The Carabao mango, also known as the Philippine mango or Manila mango, is a variety of particularly sweet mango from the Philippines. It is one of the most important varieties of mango cultivated in the Philippines. The variety is reputed internationally due to its sweetness and exotic taste. The mango variety was listed as the sweetest in the world by the 1995 edition of the Guinness Book of World Records. It is named after the carabao, the national animal of the Philippines and a native Filipino breed of domesticated water buffalo.

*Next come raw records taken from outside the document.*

lemma concord_null_vector_orthogonal_signs:
  assumes X: "X \<in> carrier_mat n p" and n: "n > 0" and lam: "lam1 > 0" and conc: "is_concord X lam1 Om"
    and E: "E \<subseteq> pair_support p Om"
    and null: "\<And>r. r < n * p \<Longrightarrow> (\<Sum>c\<in>E. A_mat X $$ (r, c) * v c) = 0"
  shows "(\<Sum>c\<in>E. sgn (Om $$ (pair_list p ! c)) * v c) = 0"
proof -
  define w where "w b i = (X * Om) $$ (i, b)" for b i
  have kkt: "(\<Sum>b<p. \<Sum>i<n. A_mat X $$ (b * n + i, c) * w b i) = 2 * lam1 * sgn (Om $$ (pair_list p ! c))"
    if "c \<in> E" for c
    unfolding w_def using concord_stationarity[OF X n conc] that E by blast
  have "2 * lam1 * (\<Sum>c\<in>E. sgn (Om $$ (pair_list p ! c)) * v c)
      = (\<Sum>c\<in>E. v c * (2 * lam1 * sgn (Om $$ (pair_list p ! c))))"
    by (simp add: sum_distrib_left mult_ac)
  also have "\<dots> = (\<Sum>c\<in>E. v c * (\<Sum>b<p. \<Sum>i<n. A_mat X $$ (b * n + i, c) * w b i))"
    by (intro sum.cong refl) (simp add: kkt)
  also have "\<dots> = (\<Sum>b<p. \<Sum>i<n. w b i * (\<Sum>c\<in>E. A_mat X $$ (b * n + i, c) * v c))"
    by (simp add: sum_distrib_left sum.swap[of _ E] mult_ac)
  also have "\<dots> = 0" using null block_row_less by (intro sum.neutral ballI) simp
  finally show ?thesis using lam by simp
qed

lemma concord_obj_pair_update_null:
  assumes X: "X \<in> carrier_mat n p" and n: "n > 0" and Om: "Om \<in> carrier_mat p p"
    and sym: "transpose_mat Om = Om" and C: "C \<subseteq> {..<length (pair_list p)}"
    and null: "\<And>r. r < n * p \<Longrightarrow> (\<Sum>c\<in>C. A_mat X $$ (r, c) * u c) = 0"
  shows "concord_obj X lam1 (Om + t \<cdot>\<^sub>m pair_dir p C u) - concord_obj X lam1 Om
    = 2 * lam1 * ((\<Sum>c\<in>C. \<bar>Om $$ (pair_list p ! c) + t * u c\<bar>) - (\<Sum>c\<in>C. \<bar>Om $$ (pair_list p ! c)\<bar>))"
proof -
  let ?L = "{..<length (pair_list p)}"
  have "(\<Sum>c\<in>C. u c * A_mat X $$ (b * n + i, c)) = 0" if "b < p" "i < n" for b i
    using null[OF block_row_less[OF that(2,1)]] by (simp add: mult.commute)
  then have quad: "(\<Sum>b<p. \<Sum>i<n. ((X * Om) $$ (i, b) - t * (\<Sum>c\<in>C. u c * A_mat X $$ (b * n + i, c)))\<^sup>2)
      = (\<Sum>b<p. \<Sum>i<n. ((X * Om) $$ (i, b))\<^sup>2)"
    by (intro sum.cong refl) (simp del: index_mult_mat(1))
  have l1: "(\<Sum>c\<in>?L. \<bar>Om $$ (pair_list p ! c) + t * (if c \<in> C then u c else 0)\<bar>) - (\<Sum>c\<in>?L. \<bar>Om $$ (pair_list p ! c)\<bar>)
      = (\<Sum>c\<in>C. \<bar>Om $$ (pair_list p ! c) + t * u c\<bar>) - (\<Sum>c\<in>C. \<bar>Om $$ (pair_list p ! c)\<bar>)"
  proof -
    have "(\<Sum>c\<in>?L. \<bar>Om $$ (pair_list p ! c) + t * (if c \<in> C then u c else 0)\<bar>) - (\<Sum>c\<in>?L. \<bar>Om $$ (pair_list p ! c)\<bar>)
        = (\<Sum>c\<in>?L. \<bar>Om $$ (pair_list p ! c) + t * (if c \<in> C then u c else 0)\<bar> - \<bar>Om $$ (pair_list p ! c)\<bar>)"
      by (simp add: sum_subtractf)
    also have "\<dots> = (\<Sum>c\<in>C. \<bar>Om $$ (pair_list p ! c) + t * u c\<bar> - \<bar>Om $$ (pair_list p ! c)\<bar>)"
      using C by (intro sum.mono_neutral_cong_right) auto
    finally show ?thesis by (simp add: sum_subtractf)
  qed
  show ?thesis
    unfolding concord_obj_pair_update[OF X n Om sym C] concord_obj_sym_eq[OF X n Om sym] quad l1[symmetric]
    by (simp add: algebra_simps)
qed
definition cocone ::
  "('ao, 'am) cat \<Rightarrow> ('bo, 'bm) cat \<Rightarrow> ('co, 'cm) cat \<Rightarrow> ('eo, 'em) cat \<Rightarrow>
   ('ao, 'am, 'bo, 'bm) cfunctor \<Rightarrow> ('ao, 'am, 'co, 'cm) cfunctor \<Rightarrow>
   ('bo, 'bm, 'eo, 'em) cfunctor \<Rightarrow> ('co, 'cm, 'eo, 'em) cfunctor \<Rightarrow> bool" where
  "cocone A B C E J F G H \<longleftrightarrow> is_functor B E G \<and> is_functor C E H \<and>
     (\<forall>x\<in>Obj A. fst G (fst J x) = fst H (fst F x)) \<and>
     (\<forall>a\<in>Arr A. snd G (snd J a) = snd H (snd F a))"

text \<open>Universal property of the pushout square, tested against all cocones whose
  vertex is a category with object type 'eo and morphism type 'em (selected by the
  TYPE argument). Mediating functors are unique as functors, i.e. on the carriers.\<close>

definition pushout_wrt ::
  "('ao, 'am) cat \<Rightarrow> ('bo, 'bm) cat \<Rightarrow> ('co, 'cm) cat \<Rightarrow> ('do, 'dm) cat \<Rightarrow>
   ('ao, 'am, 'bo, 'bm) cfunctor \<Rightarrow> ('ao, 'am, 'co, 'cm) cfunctor \<Rightarrow>
   ('bo, 'bm, 'do, 'dm) cfunctor \<Rightarrow> ('co, 'cm, 'do, 'dm) cfunctor \<Rightarrow>
   ('eo \<times> 'em) itself \<Rightarrow> bool" where
  "pushout_wrt A B C D J F Fb Jb (_ :: ('eo \<times> 'em) itself) \<longleftrightarrow>
     is_functor A B J \<and> is_functor A C F \<and> cocone A B C D J F Fb Jb \<and>
     (\<forall>(E :: ('eo, 'em) cat) G H. cocone A B C E J F G H \<longrightarrow>
        (\<exists>K. is_functor D E K \<and>
             (\<forall>y\<in>Obj B. fst K (fst Fb y) = fst G y) \<and> (\<forall>b\<in>Arr B. snd K (snd Fb b) = snd G b) \<and>
             (\<forall>z\<in>Obj C. fst K (fst Jb z) = fst H z) \<and> (\<forall>c\<in>Arr C. snd K (snd Jb c) = snd H c) \<and>
             (\<forall>K'. is_functor D E K' \<and>
                (\<forall>y\<in>Obj B. fst K' (fst Fb y) = fst G y) \<and> (\<forall>b\<in>Arr B. snd K' (snd Fb b) = snd G b) \<and>
                (\<forall>z\<in>Obj C. fst K' (fst Jb z) = fst H z) \<and> (\<forall>c\<in>Arr C. snd K' (snd Jb c) = snd H c)
                \<longrightarrow> (\<forall>x\<in>Obj D. fst K' x = fst K x) \<and> (\<forall>h\<in>Arr D. snd K' h = snd K h))))"
lemma C4_covering_ladder_union:
  assumes "\<And>j. j < m \<Longrightarrow> 2 \<le> L j"
  shows "C4_covering (ladder_union_V m L) (ladder_union_E m L)"
proof -
  have in_square: "\<exists>(j, i) \<in> gaps. x \<in> square_edge_indices j i" if "x \<in> edge_indices" for x
  proof -
    obtain j i t where x: "x = (j, i, t)"
      by (cases x)
    show ?thesis
    proof (cases t)
      case None
      with that x have "(j, i) \<in> rungs"
        by (auto simp: edge_indices_def)
      show ?thesis
      proof (cases "i < L j")
        case True
        with \<open>(j, i) \<in> rungs\<close> show ?thesis
          by (intro bexI[of _ "(j, i)"]) (auto simp: x None square_edge_indices_def rungs_def gaps_def)
      next
        case False
        \<comment> \<open>the last rung of a copy lies in the square to its left, which exists as \<open>L j \<ge> 2\<close>\<close>
        moreover have "2 \<le> L j"
          using assms \<open>(j, i) \<in> rungs\<close> by (simp add: rungs_def)
        ultimately have "(j, i - 1) \<in> gaps" "x = (j, Suc (i - 1), None)"
          using \<open>(j, i) \<in> rungs\<close> by (auto simp: x None rungs_def gaps_def)
        then show ?thesis
          by (intro bexI[of _ "(j, i - 1)"]) (auto simp: square_edge_indices_def)
      qed
    next
      case (Some b)
      with that x have "(j, i) \<in> gaps"
        by (auto simp: edge_indices_def)
      then show ?thesis
        by (intro bexI[of _ "(j, i)"]) (cases b; simp add: x Some square_edge_indices_def)
    qed
  qed
  show ?thesis
    unfolding C4_covering_def C4_subgraphs_ladder_union unfolding ladder_union_E_eq
  proof
    fix e assume "e \<in> ladder_edge ` edge_indices"
    then obtain x where "x \<in> edge_indices" and e: "e = ladder_edge x"
      by blast
    then obtain j i where "(j, i) \<in> gaps" "x \<in> square_edge_indices j i"
      using in_square by blast
    have "ladder_square j i \<in> (\<lambda>(j, i). ladder_square j i) ` gaps"
      using \<open>(j, i) \<in> gaps\<close> by (rule rev_image_eqI) simp
    moreover have "e \<in> snd (ladder_square j i)"
      unfolding ladder_square_def snd_conv e using \<open>x \<in> square_edge_indices j i\<close> by (rule imageI)
    ultimately show "\<exists>(V', E') \<in> (\<lambda>(j, i). ladder_square j i) ` gaps. e \<in> E'"
      by (intro bexI[of _ "ladder_square j i"]) (simp_all add: case_prod_beta)
  qed
qed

Carabao mangoes are around  in length and  in diameter. These fruits are kidney-shaped and can range from being short to elongated. When ripe, the fruit is bright yellow tinged with green. The flesh is a rich yellow in color with a tender melting consistency and very aromatic. Like other Southeast Asian-type mangoes, it is polyembryonic (in contrast to Indian-type mangoes). Fruiting season is usually from late May to early July.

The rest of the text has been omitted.